Shortly after the final rule was published, the American Hospital Association (AHA) and others sued to stop the rule. The groups alleged that the Rule exceeded the Department of Health and Human Services’ (HHS) statutory authority, violated the First Amendment, imposed a significant burden on hospitals, and was “arbitrary and capricious and lacks any rational basis.” In the suit, the groups asked the court to vacate the rule. AHA and its co-plaintiffs filed a Motion for Summary Judgment, as did the Department of Health and Human Services.

District Court Opinion

Because both sides filed Motions for Summary Judgment, the case did not go to trial. The ruling came from United States District Court for the District of Columbia Judge Carl Nichols, who denied AHA’s Motion for Summary Judgment and granted HHS’ Motion for Summary Judgment.

In his decision, Judge Nichols found that the hospitals were trying to limit patients’ insight into medical prices by “attacking transparency measures generally” and while “hospitals may be affected by market changes and need to respond to a market where consumers are more empowered,” that alone is not a reason to “make the rule unlawful.”

Judge Nichols also found that the Final Rule is legal under the Public Health Service Act, which pertains to disclosure of “standard hospital charges” and enforcement, and under the Social Security Act, which gives the HHS Secretary general authority to establish rules and regulations as necessary.

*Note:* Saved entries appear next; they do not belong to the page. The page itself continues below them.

(* The graph $L_{6,1}$ has a perfect partition; that is, the set of all $265$ derangements of $\{1,\dots,6\}$ (equivalently, all $6\times 6$ permutation matrices with zero diagonal) can be partitioned into subsets each of which consists of $5$ permutation matrices summing to $J_6-I_6$.
   Context: $L_{n,1}=K_{n,n}-nK_{1,1}$ is the complete bipartite graph $K_{n,n}$ with a perfect matching removed; its biadjacency matrix is $J_n-I_n$, where $J_n$ is the all-ones $n\times n$ matrix. Its perfect matchings correspond exactly to derangements of $\{1,\dots,n\}$ (permutation matrices $P$ with $P\le J_n-I_n$ entrywise). A regular bipartite graph $G$ has a perfect partition if its set of perfect matchings can be partitioned into parts each of which is a $1$-factorization of $G$ (a set of pairwise edge-disjoint perfect matchings whose union is $G$); in matrix language, the set of permutation matrices $P\le A(G)$ can be partitioned into subsets each summing to $A(G)$. *)

theory Defs
  imports "HOL-Combinatorics.Permutations" "HOL-Library.Disjoint_Sets"
begin

text \<open>Derangements of {1..n}: permutations of {1..n} without fixed points,
  i.e. permutation matrices P with P \<le> J_n - I_n entrywise
  (P has entry (i,j) equal to 1 iff p i = j).\<close>
definition derangements :: "nat \<Rightarrow> (nat \<Rightarrow> nat) set" where
  "derangements n = {p. p permutes {1..n} \<and> (\<forall>i\<in>{1..n}. p i \<noteq> i)}"

definition perm_mat :: "(nat \<Rightarrow> nat) \<Rightarrow> nat \<Rightarrow> nat \<Rightarrow> nat" where
  "perm_mat p i j = (if p i = j then 1 else 0)"

text \<open>Entry (i,j) of the biadjacency matrix J_n - I_n of L_{n,1}.\<close>
definition JmI :: "nat \<Rightarrow> nat \<Rightarrow> nat" where
  "JmI i j = (if i = j then 0 else 1)"

definition sums_to_JmI :: "nat \<Rightarrow> (nat \<Rightarrow> nat) set \<Rightarrow> bool" where
  "sums_to_JmI n S \<longleftrightarrow> (\<forall>i\<in>{1..n}. \<forall>j\<in>{1..n}. (\<Sum>p\<in>S. perm_mat p i j) = JmI i j)"

text \<open>L_{n,1} has a perfect partition: the set of its perfect matchings
  (derangements) is partitioned into parts each summing to J_n - I_n.\<close>
definition has_perfect_partition_L :: "nat \<Rightarrow> bool" where
  "has_perfect_partition_L n \<longleftrightarrow>
     (\<exists>P. partition_on (derangements n) P \<and> (\<forall>S\<in>P. sums_to_JmI n S))"

end

theory Submission
  imports Defs "HOL-Combinatorics.Multiset_Permutations"
begin

(* n - 1 derangements of {1..n} sum to J_n - I_n as soon as, in every row i, their values are
   pairwise distinct, since these n - 1 values then exhaust {1..n} - {i}. The 265 derangements
   of {1..6} split into 53 such quintuples, listed explicitly; that the quintuples are disjoint
   and exhaust all derangements is checked by evaluation, the number 265 being obtained by
   enumerating the permutations of {1..6}. *)

text \<open>Lists are indexed from 0: entry k of the list is the image of k + 1.\<close>

definition perm_of_list :: "nat list \<Rightarrow> nat \<Rightarrow> nat" where
  "perm_of_list xs i = (if i \<in> {1..length xs} then xs ! (i - 1) else i)"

Judge Nichols did not find favorably on AHA’s other positions either, including their arguments that the rule would drive up prices and create administrative burdens for hospitals.

Reactions and Next Steps

HHS Secretary Alex Azar applauded the court’s decision, saying, “With today’s decision, we will continue delivering on the President’s promise to give patients easy access to healthcare prices. Especially when American patients are seeking care during a nationwide public health emergency, it is more important than ever that they have ready access to the actual prices of healthcare services.”

Centers for Medicare and Medicaid Services (CMS) Administrator Seema Verma tweeted that the ruling is a “huge WIN for American patients. This was a disingenuous self-serving lawsuit designed to keep patients in the dark.”

The American Hospital Association plans to appeal the decision. In a statement released by Melinda Hatton, General Counsel of AHA, “Today’s decision was also premised on the erroneous conclusion that the “standard charges” referenced in current law can be interpreted to include rates negotiated with third-party payers. While the Court ruled that this was a close call, that conclusion clearly does not reflect the experience of hospitals and health care systems.” As it stands right now, the rule is slated to go into effect in January 2021.